Be careful though: my first reflex was to do it just as a GL initialization, but all I got was a plain white canvas (whatever happens next). Here’s what to do… just after GL initialization:

	gl.colorMask(true, true, true, true);
	gl.clearColor(0.0, 0.0, 0.0, 1.0);
	gl.clear(gl.COLOR_BUFFER_BIT);
	gl.colorMask(true, true, true, false);

Just do this one time and all the rest will be ok without modifications (the first line is just to make things clear as after GL init, this is the default anyway).

Of course, if you play with glColorMask(), don’t forget to restore normal behavior with the last line because if you say true as alpha argument, the behavior will appear again. You could also only just put the last line just after your clear call in your main loop.

This is not a “fire & forget” workout though. This completely disables alpha writing and there may be some circumstances where you NEED alpha values to be written in your operations, so you have to keep that in mind.

Ok, my last trick was doing well with Firefox, but sucked with Chrome.
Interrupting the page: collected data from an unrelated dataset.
lemma affine_relation_cont_strict_mono:
  assumes B: "B0 I f g" and ab: "\<And>y. y \<in> I \<Longrightarrow> a * f y + b * g y = 1"
  shows "cont_strict_mono I (\<lambda>y. a * g y - b * f y)"
proof (rule cont_strict_mono_comonotone)
  define \<phi> where "\<phi> y = g y / f y" for y
  have f: "\<And>y. y \<in> I \<Longrightarrow> 0 < f y" and \<phi>: "cont_strict_mono I \<phi>"
    using B by (auto simp: B0_def \<phi>_def[abs_def])
  then show "cont_strict_mono I (\<lambda>y. g y / f y)"
    by (simp add: \<phi>_def[abs_def])
  have f_eq: "f y = 1 / (a + b * \<phi> y)" and den: "0 < a + b * \<phi> y" if "y \<in> I" for y
  proof -
    have "a + b * \<phi> y = 1 / f y"
      using ab[OF that] f[OF that] by (simp add: \<phi>_def field_simps)
    then show "0 < a + b * \<phi> y" "f y = 1 / (a + b * \<phi> y)"
      using f[OF that] by simp_all
  qed
  have "a + b * \<phi> y \<noteq> 0" if "y \<in> I" for y
    using den[OF that] by simp
  moreover have "continuous_on I \<phi>"
    using \<phi> by (simp add: cont_strict_mono_def)
  ultimately have "continuous_on I (\<lambda>y. (a * \<phi> y - b) / (a + b * \<phi> y))"
    by (intro continuous_intros) auto
  moreover have "(a * \<phi> y - b) / (a + b * \<phi> y) = a * g y - b * f y" if "y \<in> I" for y
  proof -
    have "g y = \<phi> y * f y"
      using f[OF that] by (simp add: \<phi>_def)
    then show ?thesis
      using f_eq[OF that] by (simp add: diff_divide_distrib)
  qed
  ultimately show "continuous_on I (\<lambda>y. a * g y - b * f y)"
    by (rule continuous_on_eq)
  fix x y
  assume xy: "x \<in> I" "y \<in> I"
  have "a \<noteq> 0 \<or> b \<noteq> 0"
    using ab[OF xy(1)] by auto
  then have "0 < (a\<^sup>2 + b\<^sup>2) * (f x * f y)"
    using f xy by (simp add: sum_power2_gt_zero_iff)
  moreover have "(a * g y - b * f y) - (a * g x - b * f x) = (a\<^sup>2 + b\<^sup>2) * (f x * f y) * (g y / f y - g x / f x)"
    using ab[OF xy(1)] ab[OF xy(2)] f[OF xy(1)] f[OF xy(2)]
    by (simp add: field_simps power2_eq_square) algebra
  ultimately show "\<exists>c>0. (a * g y - b * f y) - (a * g x - b * f x) = c * (g y / f y - g x / f x)"
    by blast
qed

lemma affine_relation_weighted_sums:
  fixes f g :: "real \<Rightarrow> real"
  assumes ab: "\<And>y. y \<in> I \<Longrightarrow> a * f y + b * g y = 1" and x: "in_power I n x"
  shows "a * (\<Sum>i<n. l i * f (x i)) + b * (\<Sum>i<n. l i * g (x i)) = (\<Sum>i<n. l i)"
proof -
  have "a * (\<Sum>i<n. l i * f (x i)) + b * (\<Sum>i<n. l i * g (x i))
      = (\<Sum>i<n. l i * (a * f (x i) + b * g (x i)))"
    by (simp add: distrib_left sum.distrib sum_distrib_left mult.left_commute)
  also have "\<dots> = (\<Sum>i<n. l i)"
    using ab x by (simp add: in_power_def)
  finally show ?thesis .
qed

text \<open>These values make the Bajraktarevic mean also the quasi-arithmetic mean generated by any
  linear combination of \<open>f\<close> and \<open>g\<close>.\<close>
lemma affine_relation_Bmean_values:
  assumes I: "is_interval I" and B: "B0 I f g" and ab: "\<And>y. y \<in> I \<Longrightarrow> a * f y + b * g y = 1"
    and x: "in_power I n x" and l: "Lambda n l"
  defines "y \<equiv> Bmean I g f n x l"
  shows "y \<in> I" "f y = (\<Sum>i<n. l i * f (x i)) / (\<Sum>i<n. l i)" "g y = (\<Sum>i<n. l i * g (x i)) / (\<Sum>i<n. l i)"
proof -
  define \<phi> where "\<phi> y = g y / f y" for y
  have f: "\<And>y. y \<in> I \<Longrightarrow> 0 < f y" and \<phi>: "cont_strict_mono I \<phi>"
    using B by (auto simp: B0_def \<phi>_def[abs_def])
  define S Sf Sg where "S = (\<Sum>i<n. l i)" and "Sf = (\<Sum>i<n. l i * f (x i))"
    and "Sg = (\<Sum>i<n. l i * g (x i))"
  have Sf: "0 < Sf"
    unfolding Sf_def using Lambda_weighted_sum_pos[OF l x f] .
  have "Sg / Sf \<in> \<phi> ` I"
    unfolding Sf_def Sg_def \<phi>_def[abs_def]
    using weighted_ratio_mem_image[OF _ f x l] cont_strict_mono_image_interval[OF I \<phi>]
    by (simp add: \<phi>_def[abs_def])
  moreover have "y = the_inv_into I \<phi> (Sg / Sf)"
    by (simp add: y_def Bmean_def Sf_def Sg_def \<phi>_def[abs_def])
  ultimately have y: "y \<in> I" "\<phi> y = Sg / Sf"
    using the_inv_into_into f_the_inv_into_f cont_strict_mono_inj_on[OF \<phi>] by fastforce+
  have "g y * Sf = Sg * f y"
    using y(2) f[OF y(1)] Sf by (simp add: \<phi>_def field_simps)
  then have "f y * (a * Sf + b * Sg) = Sf * (a * f y + b * g y)"
    by algebra
  moreover have "a * Sf + b * Sg = S"
    unfolding S_def Sf_def Sg_def using affine_relation_weighted_sums[OF ab x] .
  ultimately have "f y * S = Sf"
    using ab[OF y(1)] by simp
  then show "y \<in> I" "f y = Sf / S" "g y = Sg / S"
    using y Sf f[OF y(1)] by (auto simp: \<phi>_def field_simps)
qed

lemma affine_relation_Bmean_eq_Amean:
  assumes I: "is_interval I" and B: "B0 I f g" and ab: "\<And>y. y \<in> I \<Longrightarrow> a * f y + b * g y = 1"
    and x: "in_power I n x" and l: "Lambda n l"
  shows "Bmean I g f n x l = Amean I (\<lambda>y. a * g y - b * f y) n x l"
proof -
  define y where "y = Bmean I g f n x l"
  note y = affine_relation_Bmean_values[OF I B ab x l, folded y_def]
  have "a * g y - b * f y = (\<Sum>i<n. l i * (a * g (x i) - b * f (x i))) / (\<Sum>i<n. l i)"
    by (simp add: y right_diff_distrib sum_subtractf sum_distrib_left diff_divide_distrib
        mult.left_commute)
  then have "Amean I (\<lambda>y. a * g y - b * f y) n x l = y"
    unfolding Amean_def
    using the_inv_into_f_f[OF cont_strict_mono_inj_on[OF affine_relation_cont_strict_mono[OF B ab]] y(1)]
    by simp
  then show ?thesis
    by (simp add: y_def)
qed

lemma vi_imp_i:
  assumes "is_interval I" "B0 I f g" "stmt_vi I f g"
  shows "stmt_i I f g"
proof -
  obtain a b where ab: "\<And>y. y \<in> I \<Longrightarrow> a * f y + b * g y = 1"
    using assms(3) unfolding stmt_vi_def by blast
  then show ?thesis
    unfolding stmt_i_def
    using affine_relation_cont_strict_mono[OF assms(2) ab] affine_relation_Bmean_eq_Amean[OF assms(1,2) ab]
    by blast
qed

lemma Bmean_scale_weights:
  assumes "c \<noteq> 0"
  shows "Bmean I g f n x (\<lambda>i. c * l i) = Bmean I g f n x l"
  using assms by (simp add: Bmean_def mult.assoc flip: sum_distrib_left)

lemma Amean_scale_weights: "c \<noteq> 0 \<Longrightarrow> Amean I h n x (\<lambda>i. c * l i) = Amean I h n x l"
  by (simp add: Amean_eq_Bmean_one Bmean_scale_weights)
It’s a shame, I though I could sort it out just with initializations, but no. Just forget it.

So, the only real thing to consider is that the WebGL’s default FBO is drawn with blending enabled by browsers (this is usually not the case on desktop OpenGL where the default FBO alpha values are generally unused for that purpose since it is simply swapped, and even if windowed).

To avoid the leakage with the <body> background behind the canvas, we must then only disable alpha writes when blending stuffs in it. This is not that heavy since anyway, blending stuff should be batched for performances reasons and be done after all other drawing operations.

So just before blending batch:

gl.colorMask(true, true, true, false);

And restore normal operations once finished:

gl.colorMask(true, true, true, true);

This is not only cleaner to restore, but makes the behaviour correct on Chrome (I had bad results otherwise, sounds like Chrome applies different blending parameters than FF).

I updated my test, with a check button to see the difference with and without the counter-measure. It works the same in FF4, FF5 and Chrome.